* [Work request] Return verbatim the run of lines that opens with the line holding "define Av where" and closes with the last line of the records.

[Records from a data source]
lemma radix_value_inj:
  assumes "\<And>x. Poly_Mapping.lookup m x < B" "\<And>x. Poly_Mapping.lookup m' x < B"
    and "Poly_Mapping.keys m \<subseteq> set xs" "Poly_Mapping.keys m' \<subseteq> set xs"
    and "radix_value xs B m = radix_value xs B m'"
  shows "m = m'"
proof -
  have "\<forall>x\<in>set xs. Poly_Mapping.lookup m x = Poly_Mapping.lookup m' x"
    using assms(5)
  proof (induction xs)
    case (Cons y ys)
    let ?c = "Poly_Mapping.lookup m y" and ?c' = "Poly_Mapping.lookup m' y"
    have "(?c + B * radix_value ys B m) mod B = (?c' + B * radix_value ys B m') mod B"
      using Cons.prems by simp
    then have "?c = ?c'"
      using assms(1,2) by simp
    moreover have "B > 0"
      using assms(1)[of y] by linarith
    ultimately have "radix_value ys B m = radix_value ys B m'"
      using Cons.prems by simp
    with \<open>?c = ?c'\<close> show ?case
      using Cons.IH by simp
  qed simp
  then show ?thesis
    using assms(3,4) by (intro poly_mapping_eqI) (metis in_keys_iff subsetD)
qed

lemma lookup_le_mdeg: "Poly_Mapping.lookup m x \<le> mdeg m"
  unfolding mdeg_def
  by (cases "x \<in> Poly_Mapping.keys m") (auto intro: member_le_sum simp: in_keys_iff)
(* Let $F$ be a distribution function whose hazard rate $h$ satisfies (H), $h(t)=o(t^{-1}\log t)$ as $t\to\infty$, and $\limsup_{t\to\infty}t\,h(t)^2/h(1/h(t))<\infty$. Let $M>0$ and $K\in B(F,M)$. Then for all positive real numbers $a$ and $b$, $$\big(\mathsf T_K\overline{\mathsf M_aF}\big)(t)-\overline{\mathsf M_aF}(t)=o\big(\overline{\mathsf M_bF}(t)\big)\qquad(t\to\infty).$$
   Context: For a distribution function $K$, $\overline K=1-K$; for real $c$, $\mathsf M_cK$ is the distribution of $cY$ with $Y\sim K$, so $\overline{\mathsf M_cF}(t)=\overline F(t/c)$ for $c>0$. The hazard rate is $h=F'/\overline F$, assumed to exist for all large $t$, so that $\overline F(t)=\overline F(t_0)\exp(-\int_{t_0}^th(u)\,du)$. Condition (H): $h$ is regularly varying, $\lim_{t\to\infty}th(t)=+\infty$, $\lim_{t\to\infty}h(t)=0$. For $M>0$, $B(F,M)$ is the set of distribution functions $K$ such that $\overline K(x)\le M\overline F(x)$ and $\overline{\mathsf M_{-1}K}(x)\le M\overline F(x)$ for all $x\ge0$. The operator $\mathsf T_K$ is $\mathsf T_Kf(t)=\int_{-\infty}^{t/2}f(t-x)\,dK(x)$. *)

theory Defs
  imports "HOL-Analysis.Analysis" "HOL-Library.Landau_Symbols"
begin

definition distribution_function :: "(real \<Rightarrow> real) \<Rightarrow> bool" where
  "distribution_function F \<longleftrightarrow> mono F \<and> (\<forall>x. continuous (at_right x) F)
     \<and> (F \<longlongrightarrow> 0) at_bot \<and> (F \<longlongrightarrow> 1) at_top"

definition tail :: "(real \<Rightarrow> real) \<Rightarrow> real \<Rightarrow> real" where
  "tail K t = 1 - K t"

text \<open>M_c K for c > 0: distribution of c Y, i.e. t \<mapsto> K (t / c).\<close>
definition scale_df :: "real \<Rightarrow> (real \<Rightarrow> real) \<Rightarrow> real \<Rightarrow> real" where
  "scale_df c K t = K (t / c)"

text \<open>Tail of M_{-1} K at x: P(-Y > x) = P(Y < -x), via the Lebesgue-Stieltjes measure of K.\<close>
definition neg_tail :: "(real \<Rightarrow> real) \<Rightarrow> real \<Rightarrow> real" where
  "neg_tail K x = measure (interval_measure K) {..< -x}"
(* Let $\mathfrak{H}:\mathcal{M}^{gen}\to\underline{\mathcal{P}}$ be a functor satisfying: (I) for every finite metric space $(X,d_X)$, $\mathfrak{H}(X,d_X)$ is a persistent set $(X,\theta_X^{\mathfrak{H}})$ with underlying set $X$, and for every morphism $f$, $\mathfrak{H}(f)=f$ as a set map; (II) for every $\delta>0$, $\mathfrak{H}(\Delta_2(\delta))=(\{p,q\},\theta)$ where $\theta(t)$ is the partition into singletons for $t<\delta$ and the single-block partition $\{\{p,q\}\}$ for $t\geq\delta$; (III) for every finite metric space $(X,d_X)$ and every $t<\mathrm{sep}(X)$, $\theta_X^{\mathfrak{H}}(t)$ is the partition of $X$ into singletons. Then $\mathfrak{H}=\mathfrak{R}$, i.e. for every finite metric space $(X,d_X)$ and every $r\geq0$, $\theta_X^{\mathfrak{H}}(r)$ is the partition of $X$ into the equivalence classes of $\sim_r$.
   Context: $\mathcal{M}^{gen}$ is the category whose objects are finite metric spaces and whose morphisms are distance non-increasing maps. A persistent set is a pair $(X,\theta_X)$ with $X$ a finite set and $\theta_X:[0,\infty)\to\mathcal{P}(X)$ (partitions of $X$) such that $\theta_X(r)$ refines $\theta_X(s)$ whenever $r\leq s$, and for every $r$ there is $\epsilon>0$ with $\theta_X(r')=\theta_X(r)$ for all $r'\in[r,r+\epsilon]$. $\underline{\mathcal{P}}$ is the category of persistent sets whose morphisms $(X,\theta_X)\to(Y,\theta_Y)$ are set maps $f:X\to Y$ such that for every $r$, $\theta_X(r)$ refines $f^*(\theta_Y(r))$, where $f^*(P)$ is the partition of $X$ with blocks the nonempty preimages $f^{-1}(B)$, $B\in P$. $\Delta_2(\delta)$ is the metric space on $\{p,q\}$ with $d(p,q)=\delta$. $\mathrm{sep}(X)=\min_{x\neq x'}d_X(x,x')$. For $r\geq0$, $x\sim_r x'$ iff there exist $x_0=x,\ldots,x_k=x'$ in $X$ with $d_X(x_i,x_{i+1})\leq r$ for all $i$; $\mathfrak{R}(X,d_X)=(X,\theta^{\mathrm{VR}}_X)$ with $\theta^{\mathrm{VR}}_X(r)$ the partition into $\sim_r$-classes. *)

theory Defs
  imports Complex_Main
begin
(* Let $A_1A_2A_3$ be a gyrotriangle possessing a circumgyrocircle in the Einstein gyrovector space $\mathbb{R}^n_s$, $n\ge2$, $\gamma_{ij}=\gamma_{\ominus A_i\oplus A_j}$. For a parameter $0\le t_1\le1$ let $$P=\frac{(1-t_1)\gamma_{A_1}A_1+t_1\gamma_{A_2}A_2}{(1-t_1)\gamma_{A_1}+t_1\gamma_{A_2}}$$ (a point of the gyrosegment $A_1A_2$), and let $Q$ be the foot of the corresponding circumgyrocevian, i.e. the point other than $A_3$ where the gyroray from $A_3$ through $P$ meets the circumgyrocircle. Then $Q=\frac{m_1\gamma_{A_1}A_1+m_2\gamma_{A_2}A_2+m_3\gamma_{A_3}A_3}{m_1\gamma_{A_1}+m_2\gamma_{A_2}+m_3\gamma_{A_3}}$ with $m_1=\{\gamma_{13}-1+(\gamma_{23}-\gamma_{13})t_1\}(1-t_1)$, $m_2=\{\gamma_{13}-1+(\gamma_{23}-\gamma_{13})t_1\}t_1$, $m_3=-(\gamma_{12}-1)(1-t_1)t_1$.
   Context: Fix $s>0$; $\mathbb{R}^n_s=\{v\in\mathbb{R}^n:\|v\|<s\}$ with Einstein addition $u\oplus v=\frac{1}{1+u\cdot v/s^2}\{u+\frac{1}{\gamma_u}v+\frac{1}{s^2}\frac{\gamma_u}{1+\gamma_u}(u\cdot v)u\}$, $\gamma_v=(1-\|v\|^2/s^2)^{-1/2}$, $\ominus v=-v$; gyrodistance $\|\ominus X\oplus Y\|$. Gyrosegments/gyrorays are Euclidean segments/rays intersected with the ball. A gyrotriangle $A_1A_2A_3$ has $\ominus A_1\oplus A_2,\ominus A_1\oplus A_3$ linearly independent; its circumgyrocircle is the set of points of the gyroplane $(A_1\oplus\mathrm{span}\{\ominus A_1\oplus A_2,\ominus A_1\oplus A_3\})\cap\mathbb{R}^n_s$ at gyrodistance $R$ from the point $O$ of that gyroplane equigyrodistant (distance $R$) from the vertices. Gyrobarycentric coordinates are homogeneous. *)

theory Defs
  imports "HOL-Analysis.Analysis"
begin

definition sball :: "real \<Rightarrow> ('a::real_inner) set" where
  "sball s = {v. norm v < s}"

definition egamma :: "real \<Rightarrow> 'a::real_inner \<Rightarrow> real" where
  "egamma s v = 1 / sqrt (1 - (norm v)\<^sup>2 / s\<^sup>2)"

definition eadd :: "real \<Rightarrow> 'a::real_inner \<Rightarrow> 'a \<Rightarrow> 'a" where
  "eadd s u v = (1 / (1 + (u \<bullet> v) / s\<^sup>2)) *\<^sub>R
     (u + (1 / egamma s u) *\<^sub>R v
        + ((1 / s\<^sup>2) * (egamma s u / (1 + egamma s u)) * (u \<bullet> v)) *\<^sub>R u)"

text \<open>gyrodistance \<open>\<parallel>\<ominus>X \<oplus> Y\<parallel>\<close>, with \<open>\<ominus>X = -X\<close>\<close>
definition gyrodist :: "real \<Rightarrow> 'a::real_inner \<Rightarrow> 'a \<Rightarrow> real" where
  "gyrodist s X Y = norm (eadd s (- X) Y)"

definition gyrotriangle :: "real \<Rightarrow> 'a::real_inner \<Rightarrow> 'a \<Rightarrow> 'a \<Rightarrow> bool" where
  "gyrotriangle s A1 A2 A3 \<longleftrightarrow> A1 \<in> sball s \<and> A2 \<in> sball s \<and> A3 \<in> sball s \<and>
     independent {eadd s (- A1) A2, eadd s (- A1) A3} \<and>
     eadd s (- A1) A2 \<noteq> eadd s (- A1) A3"

definition gyroplane :: "real \<Rightarrow> 'a::real_inner \<Rightarrow> 'a \<Rightarrow> 'a \<Rightarrow> 'a set" where
  "gyroplane s A1 A2 A3 =
     (eadd s A1 ` span {eadd s (- A1) A2, eadd s (- A1) A3}) \<inter> sball s"

definition circumcenter :: "real \<Rightarrow> 'a::real_inner \<Rightarrow> 'a \<Rightarrow> 'a \<Rightarrow> 'a \<Rightarrow> real \<Rightarrow> bool" where
  "circumcenter s A1 A2 A3 C R \<longleftrightarrow> C \<in> gyroplane s A1 A2 A3 \<and>
     gyrodist s C A1 = R \<and> gyrodist s C A2 = R \<and> gyrodist s C A3 = R"

definition has_circumgyrocircle :: "real \<Rightarrow> 'a::real_inner \<Rightarrow> 'a \<Rightarrow> 'a \<Rightarrow> bool" where
  "has_circumgyrocircle s A1 A2 A3 \<longleftrightarrow> (\<exists>C R. circumcenter s A1 A2 A3 C R)"

definition circumgyrocircle :: "real \<Rightarrow> 'a::real_inner \<Rightarrow> 'a \<Rightarrow> 'a \<Rightarrow> 'a set" where
  "circumgyrocircle s A1 A2 A3 =
     {X \<in> gyroplane s A1 A2 A3. \<exists>C R. circumcenter s A1 A2 A3 C R \<and> gyrodist s C X = R}"

definition gyroray :: "real \<Rightarrow> 'a::real_inner \<Rightarrow> 'a \<Rightarrow> 'a set" where
  "gyroray s A B = {A + l *\<^sub>R (B - A) | l. l \<ge> 0} \<inter> sball s"

end

theory Submission
  imports Defs
begin

text \<open>
  By the gamma identity \<open>\<gamma>(\<ominus>X \<oplus> Y) = \<gamma>\<^sub>X \<gamma>\<^sub>Y (1 - X\<cdot>Y/s\<^sup>2)\<close>, a point \<open>X\<close> lies at
  gyrodistance \<open>R\<close> from the circumgyrocentre \<open>C\<close> iff \<open>\<gamma>\<^sub>X (1 - C\<cdot>X/s\<^sup>2)\<close> equals a constant
  \<open>K > 0\<close>; this condition is linear in \<open>(\<gamma>\<^sub>X, \<gamma>\<^sub>X X)\<close>. If \<open>Q\<close> has normalized gyrobarycentric
  coordinates \<open>(b\<^sub>1, b\<^sub>2, b\<^sub>3)\<close>, linearity gives \<open>\<gamma>\<^sub>Q (b\<^sub>1 + b\<^sub>2 + b\<^sub>3) = 1\<close>, while the same
  identity expresses \<open>1 - |Q|\<^sup>2/s\<^sup>2\<close> as the quadratic form \<open>\<Sum> b\<^sub>i b\<^sub>j \<gamma>\<^sub>i\<^sub>j\<close> (with
  \<open>\<gamma>\<^sub>i\<^sub>i = 1\<close>). Comparing the two yields the circumgyrocircle equation
  \<open>b\<^sub>1 b\<^sub>2 (\<gamma>\<^sub>1\<^sub>2 - 1) + b\<^sub>1 b\<^sub>3 (\<gamma>\<^sub>1\<^sub>3 - 1) + b\<^sub>2 b\<^sub>3 (\<gamma>\<^sub>2\<^sub>3 - 1) = 0\<close>.
  On the gyrocevian from \<open>A\<^sub>3\<close> through \<open>P\<close> the coordinates have the form
  \<open>(\<alpha>(1 - t\<^sub>1), \<alpha> t\<^sub>1, b\<^sub>3)\<close> with \<open>\<alpha> \<noteq> 0\<close>, so after dividing by \<open>\<alpha>\<close> the equation is linear in
  \<open>b\<^sub>3\<close>; its coefficient \<open>(1 - t\<^sub>1)(\<gamma>\<^sub>1\<^sub>3 - 1) + t\<^sub>1(\<gamma>\<^sub>2\<^sub>3 - 1)\<close> is positive because the
  sides of a gyrotriangle have gamma factors \<open>> 1\<close>, which pins down \<open>Q\<close>.
\<close>

lemma one_minus_norm_sq_pos:
  assumes "norm (u::'a::real_inner) < s"
  shows "1 - (norm u)\<^sup>2 / s\<^sup>2 > 0"
proof -
  have "0 < s" using assms norm_ge_zero by (rule le_less_trans[rotated])
  moreover have "(norm u)\<^sup>2 < s\<^sup>2" using assms by (simp add: power_strict_mono)
  ultimately show ?thesis by simp
qed

lemma egamma_pos: "norm (u::'a::real_inner) < s \<Longrightarrow> egamma s u > 0"
  unfolding egamma_def using one_minus_norm_sq_pos[of u s] by (intro divide_pos_pos) auto

lemma egamma_sq:
  assumes "norm (u::'a::real_inner) < s"
  shows "(egamma s u)\<^sup>2 * (1 - (norm u)\<^sup>2 / s\<^sup>2) = 1"
proof -
  have "(1 / sqrt z)\<^sup>2 * z = 1" if "z > 0" for z :: real
    using that by (simp add: power_divide)
  then show ?thesis using one_minus_norm_sq_pos[OF assms] by (simp add: egamma_def)
qed

lemma egamma_minus [simp]: "egamma s (- u) = egamma s u"
  by (simp add: egamma_def)

lemma one_minus_inner_pos:
  assumes "norm (x::'a::real_inner) < s" and "norm y < s"
  shows "1 - (x \<bullet> y) / s\<^sup>2 > 0"
proof -
  have "s > 0" using assms(1) norm_ge_zero by (rule le_less_trans[rotated])
  have "x \<bullet> y \<le> norm x * norm y" by (rule norm_cauchy_schwarz)
  also have "\<dots> < s * s" using assms by (simp add: mult_strict_mono')
  finally have "x \<bullet> y < s\<^sup>2" by (simp add: power2_eq_square)
  then show ?thesis using \<open>s > 0\<close> by simp
qed

lemma egamma_gt_1:
  assumes "norm (w::'a::real_inner) < s" and "w \<noteq> 0"
  shows "egamma s w > 1"
proof -
  have pos: "1 - (norm w)\<^sup>2 / s\<^sup>2 > 0" using assms(1) by (rule one_minus_norm_sq_pos)
  have "s \<noteq> 0" using assms(1) by auto
  then have "1 - (norm w)\<^sup>2 / s\<^sup>2 < 1" using assms(2) by simp
  then have "sqrt (1 - (norm w)\<^sup>2 / s\<^sup>2) < 1" using pos by simp
  then show ?thesis using pos by (simp add: egamma_def)
qed

lemma norm_eadd:
  fixes u v :: "'a::real_inner"
  assumes u: "norm u < s" and T: "1 + (u \<bullet> v) / s\<^sup>2 \<noteq> 0"
  shows "(1 + (u \<bullet> v) / s\<^sup>2)\<^sup>2 * (1 - (norm (eadd s u v))\<^sup>2 / s\<^sup>2)
           = (1 - (norm u)\<^sup>2 / s\<^sup>2) * (1 - (norm v)\<^sup>2 / s\<^sup>2)"
proof -
  define g where "g = egamma s u"
  define c where "c = (1 / s\<^sup>2) * (g / (1 + g)) * (u \<bullet> v)"
  define N where "N = (1 + c) *\<^sub>R u + (1 / g) *\<^sub>R v"
  have g: "g > 0" "g\<^sup>2 * (1 - (u \<bullet> u) / s\<^sup>2) = 1"
    using egamma_pos[OF u] egamma_sq[OF u] by (simp_all add: g_def power2_norm_eq_inner)
  have "s \<noteq> 0" using u by auto
  have eadd_N: "eadd s u v = (1 / (1 + (u \<bullet> v) / s\<^sup>2)) *\<^sub>R N"
    unfolding eadd_def N_def c_def g_def by (simp add: algebra_simps)
  have NN: "N \<bullet> N = (1 + c)\<^sup>2 * (u \<bullet> u) + 2 * (1 + c) * (u \<bullet> v) / g + (v \<bullet> v) / g\<^sup>2"
    unfolding N_def
    by (simp add: inner_add_left inner_add_right inner_commute power2_eq_square algebra_simps add_divide_distrib)
  define si where "si = 1 / s\<^sup>2"
  define gi where "gi = 1 / g"
  define h where "h = 1 / (1 + g)"
  \<comment> \<open>with the reciprocals named, the identity is polynomial modulo \<open>g\<^sup>2 (1 - |u|\<^sup>2/s\<^sup>2) = 1\<close>\<close>
  have "si * s\<^sup>2 = 1" "gi * g = 1" "h * (1 + g) = 1" "g\<^sup>2 * (1 - (u \<bullet> u) * si) = 1"
    using g \<open>s \<noteq> 0\<close> by (simp_all add: si_def gi_def h_def)
  moreover have "c = si * g * h * (u \<bullet> v)" by (simp add: c_def si_def h_def)
  moreover have "N \<bullet> N = (1 + c)\<^sup>2 * (u \<bullet> u) + 2 * (1 + c) * (u \<bullet> v) * gi + (v \<bullet> v) * gi\<^sup>2"
    unfolding NN gi_def by (simp add: field_simps)
  ultimately have "(1 + (u \<bullet> v) * si)\<^sup>2 - N \<bullet> N * si = (1 - (u \<bullet> u) * si) * (1 - (v \<bullet> v) * si)"
    by algebra
  then have "(1 + (u \<bullet> v) / s\<^sup>2)\<^sup>2 - N \<bullet> N / s\<^sup>2 = (1 - (u \<bullet> u) / s\<^sup>2) * (1 - (v \<bullet> v) / s\<^sup>2)"
    by (simp add: si_def)
  moreover have "(norm (eadd s u v))\<^sup>2 = N \<bullet> N / (1 + (u \<bullet> v) / s\<^sup>2)\<^sup>2"
    unfolding eadd_N power2_norm_eq_inner by (simp add: power2_eq_square)
  ultimately show ?thesis
    using T by (simp add: power2_norm_eq_inner field_simps)
qed

lemma egamma_eadd:
  fixes u v :: "'a::real_inner"
  assumes u: "norm u < s" and v: "norm v < s"
  shows "norm (eadd s u v) < s"
    and "egamma s (eadd s u v) = egamma s u * egamma s v * (1 + (u \<bullet> v) / s\<^sup>2)"
proof -
  have "s > 0" using u norm_ge_zero by (rule le_less_trans[rotated])
  define T where "T = 1 + (u \<bullet> v) / s\<^sup>2"
  define Au where "Au = 1 - (norm u)\<^sup>2 / s\<^sup>2"
  define Av where "Av = 1 - (norm v)\<^sup>2 / s\<^sup>2"
  have T: "T > 0" using one_minus_inner_pos[of "- u" s v] u v by (simp add: T_def)
  have Au: "Au > 0" and Av: "Av > 0"
    using one_minus_norm_sq_pos u v by (auto simp: Au_def Av_def)
  have "T\<^sup>2 * (1 - (norm (eadd s u v))\<^sup>2 / s\<^sup>2) = Au * Av"
    using norm_eadd[OF u] T unfolding T_def Au_def Av_def by simp
  then have Z: "1 - (norm (eadd s u v))\<^sup>2 / s\<^sup>2 = Au * Av / T\<^sup>2"
    using T by (simp add: field_simps)
  moreover have "Au * Av / T\<^sup>2 > 0" using Au Av T by simp
  ultimately have "(norm (eadd s u v))\<^sup>2 / s\<^sup>2 < 1" by linarith
  then have "(norm (eadd s u v))\<^sup>2 < s\<^sup>2" using \<open>s > 0\<close> by simp
  then show "norm (eadd s u v) < s" using \<open>s > 0\<close> by (simp add: power2_less_imp_less)
  have "egamma s (eadd s u v) = T / (sqrt Au * sqrt Av)"
    unfolding egamma_def Z using Au Av T by (simp add: real_sqrt_divide real_sqrt_mult)
  then show "egamma s (eadd s u v) = egamma s u * egamma s v * (1 + (u \<bullet> v) / s\<^sup>2)"
    by (simp add: egamma_def Au_def Av_def T_def)
qed

lemma egamma_eadd_minus:
  fixes x y :: "'a::real_inner"
  assumes "norm x < s" and "norm y < s"
  shows "egamma s (eadd s (- x) y) = egamma s x * egamma s y * (1 - (x \<bullet> y) / s\<^sup>2)"
  using egamma_eadd(2)[of "- x" s y] assms by simp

* [Output below]
  define Av where "Av = 1 - (norm v)\<^sup>2 / s\<^sup>2"
  have T: "T > 0" using one_minus_inner_pos[of "- u" s v] u v by (simp add: T_def)
  have Au: "Au > 0" and Av: "Av > 0"
    using one_minus_norm_sq_pos u v by (auto simp: Au_def Av_def)
  have "T\<^sup>2 * (1 - (norm (eadd s u v))\<^sup>2 / s\<^sup>2) = Au * Av"
    using norm_eadd[OF u] T unfolding T_def Au_def Av_def by simp
  then have Z: "1 - (norm (eadd s u v))\<^sup>2 / s\<^sup>2 = Au * Av / T\<^sup>2"
    using T by (simp add: field_simps)
  moreover have "Au * Av / T\<^sup>2 > 0" using Au Av T by simp
  ultimately have "(norm (eadd s u v))\<^sup>2 / s\<^sup>2 < 1" by linarith
  then have "(norm (eadd s u v))\<^sup>2 < s\<^sup>2" using \<open>s > 0\<close> by simp
  then show "norm (eadd s u v) < s" using \<open>s > 0\<close> by (simp add: power2_less_imp_less)
  have "egamma s (eadd s u v) = T / (sqrt Au * sqrt Av)"
    unfolding egamma_def Z using Au Av T by (simp add: real_sqrt_divide real_sqrt_mult)
  then show "egamma s (eadd s u v) = egamma s u * egamma s v * (1 + (u \<bullet> v) / s\<^sup>2)"
    by (simp add: egamma_def Au_def Av_def T_def)
qed

lemma egamma_eadd_minus:
  fixes x y :: "'a::real_inner"
  assumes "norm x < s" and "norm y < s"
  shows "egamma s (eadd s (- x) y) = egamma s x * egamma s y * (1 - (x \<bullet> y) / s\<^sup>2)"
  using egamma_eadd(2)[of "- x" s y] assms by simp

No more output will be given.